#### Dataset extract
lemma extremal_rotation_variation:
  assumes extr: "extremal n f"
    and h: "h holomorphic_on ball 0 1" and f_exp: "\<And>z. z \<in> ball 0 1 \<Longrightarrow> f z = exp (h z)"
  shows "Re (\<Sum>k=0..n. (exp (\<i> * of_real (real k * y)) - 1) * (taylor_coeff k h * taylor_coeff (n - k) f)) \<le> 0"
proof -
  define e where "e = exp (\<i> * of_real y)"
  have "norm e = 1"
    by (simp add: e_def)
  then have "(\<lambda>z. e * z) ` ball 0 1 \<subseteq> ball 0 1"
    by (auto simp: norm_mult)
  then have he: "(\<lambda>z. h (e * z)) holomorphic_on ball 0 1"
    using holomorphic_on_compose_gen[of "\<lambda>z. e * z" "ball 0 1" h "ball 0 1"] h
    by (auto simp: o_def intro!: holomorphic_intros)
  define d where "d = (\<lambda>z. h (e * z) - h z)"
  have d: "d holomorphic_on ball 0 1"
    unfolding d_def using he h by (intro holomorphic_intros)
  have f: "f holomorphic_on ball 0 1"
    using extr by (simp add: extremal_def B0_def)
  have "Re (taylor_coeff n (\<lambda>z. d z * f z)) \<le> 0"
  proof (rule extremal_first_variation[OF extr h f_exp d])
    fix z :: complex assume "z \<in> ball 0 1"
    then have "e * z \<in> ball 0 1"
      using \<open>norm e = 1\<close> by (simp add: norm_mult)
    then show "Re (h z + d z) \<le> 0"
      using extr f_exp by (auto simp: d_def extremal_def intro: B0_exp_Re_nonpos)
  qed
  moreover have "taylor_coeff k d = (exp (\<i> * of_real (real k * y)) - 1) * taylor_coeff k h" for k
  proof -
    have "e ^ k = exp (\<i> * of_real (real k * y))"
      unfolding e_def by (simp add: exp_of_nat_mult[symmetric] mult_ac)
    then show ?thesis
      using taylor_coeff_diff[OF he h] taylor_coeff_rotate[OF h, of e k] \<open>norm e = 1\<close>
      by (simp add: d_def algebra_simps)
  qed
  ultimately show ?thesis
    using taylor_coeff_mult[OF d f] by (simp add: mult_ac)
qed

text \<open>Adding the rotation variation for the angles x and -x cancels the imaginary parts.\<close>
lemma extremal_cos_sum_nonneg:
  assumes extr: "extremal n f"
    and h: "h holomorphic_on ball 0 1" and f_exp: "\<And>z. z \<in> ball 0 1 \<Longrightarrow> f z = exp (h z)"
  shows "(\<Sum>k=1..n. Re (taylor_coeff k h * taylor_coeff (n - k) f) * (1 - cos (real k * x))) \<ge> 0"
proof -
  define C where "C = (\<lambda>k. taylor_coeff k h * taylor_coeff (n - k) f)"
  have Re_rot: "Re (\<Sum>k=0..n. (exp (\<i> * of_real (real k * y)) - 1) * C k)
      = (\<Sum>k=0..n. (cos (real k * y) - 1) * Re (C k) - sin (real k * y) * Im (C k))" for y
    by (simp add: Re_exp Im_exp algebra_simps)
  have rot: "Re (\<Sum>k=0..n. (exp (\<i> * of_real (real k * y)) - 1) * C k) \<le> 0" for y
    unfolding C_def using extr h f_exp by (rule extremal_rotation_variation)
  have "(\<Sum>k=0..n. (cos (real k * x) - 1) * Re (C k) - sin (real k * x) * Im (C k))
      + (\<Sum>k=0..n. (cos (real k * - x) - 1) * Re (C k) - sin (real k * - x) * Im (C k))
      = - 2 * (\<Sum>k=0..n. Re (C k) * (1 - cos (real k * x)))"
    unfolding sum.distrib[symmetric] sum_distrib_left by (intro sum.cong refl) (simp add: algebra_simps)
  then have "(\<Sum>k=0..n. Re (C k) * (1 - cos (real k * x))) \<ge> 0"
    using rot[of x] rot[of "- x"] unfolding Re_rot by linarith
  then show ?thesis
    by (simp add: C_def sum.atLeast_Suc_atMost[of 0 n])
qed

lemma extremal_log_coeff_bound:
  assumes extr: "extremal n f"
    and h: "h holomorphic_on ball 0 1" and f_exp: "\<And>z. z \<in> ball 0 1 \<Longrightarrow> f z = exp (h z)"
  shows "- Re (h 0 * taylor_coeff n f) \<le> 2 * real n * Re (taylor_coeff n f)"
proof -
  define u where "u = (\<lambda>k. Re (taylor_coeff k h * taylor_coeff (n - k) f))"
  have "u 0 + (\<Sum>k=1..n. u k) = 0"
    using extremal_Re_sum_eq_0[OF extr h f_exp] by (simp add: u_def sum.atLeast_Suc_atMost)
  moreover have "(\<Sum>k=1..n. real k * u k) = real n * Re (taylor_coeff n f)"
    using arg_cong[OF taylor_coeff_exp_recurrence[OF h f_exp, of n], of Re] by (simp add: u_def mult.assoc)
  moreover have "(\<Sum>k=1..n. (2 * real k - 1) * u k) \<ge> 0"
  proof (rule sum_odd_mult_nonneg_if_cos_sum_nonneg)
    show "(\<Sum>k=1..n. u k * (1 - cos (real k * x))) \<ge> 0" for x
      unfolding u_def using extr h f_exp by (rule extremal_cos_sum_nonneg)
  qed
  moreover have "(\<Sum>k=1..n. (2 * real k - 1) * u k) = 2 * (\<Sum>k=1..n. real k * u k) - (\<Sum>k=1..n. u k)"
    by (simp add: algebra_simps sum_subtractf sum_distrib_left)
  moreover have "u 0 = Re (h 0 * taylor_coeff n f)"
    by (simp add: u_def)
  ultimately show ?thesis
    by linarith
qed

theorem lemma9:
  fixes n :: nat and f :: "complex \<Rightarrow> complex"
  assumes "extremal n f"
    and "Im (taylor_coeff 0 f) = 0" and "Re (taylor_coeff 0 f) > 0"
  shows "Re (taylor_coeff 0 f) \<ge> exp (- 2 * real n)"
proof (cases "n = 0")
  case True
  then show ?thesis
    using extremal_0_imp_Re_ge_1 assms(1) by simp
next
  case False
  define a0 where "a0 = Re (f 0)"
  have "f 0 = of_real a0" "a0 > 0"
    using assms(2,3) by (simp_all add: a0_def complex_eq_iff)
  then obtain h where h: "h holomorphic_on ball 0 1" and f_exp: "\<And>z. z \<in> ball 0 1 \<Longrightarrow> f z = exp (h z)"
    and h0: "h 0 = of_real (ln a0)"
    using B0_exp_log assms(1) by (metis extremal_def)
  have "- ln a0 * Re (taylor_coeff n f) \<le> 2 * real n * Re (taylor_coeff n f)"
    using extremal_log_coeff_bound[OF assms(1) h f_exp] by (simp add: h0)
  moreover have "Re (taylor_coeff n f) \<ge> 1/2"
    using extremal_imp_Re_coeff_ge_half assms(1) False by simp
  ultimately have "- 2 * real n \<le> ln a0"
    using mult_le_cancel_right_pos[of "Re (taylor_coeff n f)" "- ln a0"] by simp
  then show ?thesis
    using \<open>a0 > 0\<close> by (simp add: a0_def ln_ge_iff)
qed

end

#### Exercise brief
What you return must be the lines above that run from the line with "using assms(2,3) by" to the line with "using B0_exp_log assms(1)", inclusive, each copied exactly.

#### Solution
    using assms(2,3) by (simp_all add: a0_def complex_eq_iff)
  then obtain h where h: "h holomorphic_on ball 0 1" and f_exp: "\<And>z. z \<in> ball 0 1 \<Longrightarrow> f z = exp (h z)"
    and h0: "h 0 = of_real (ln a0)"
    using B0_exp_log assms(1) by (metis extremal_def)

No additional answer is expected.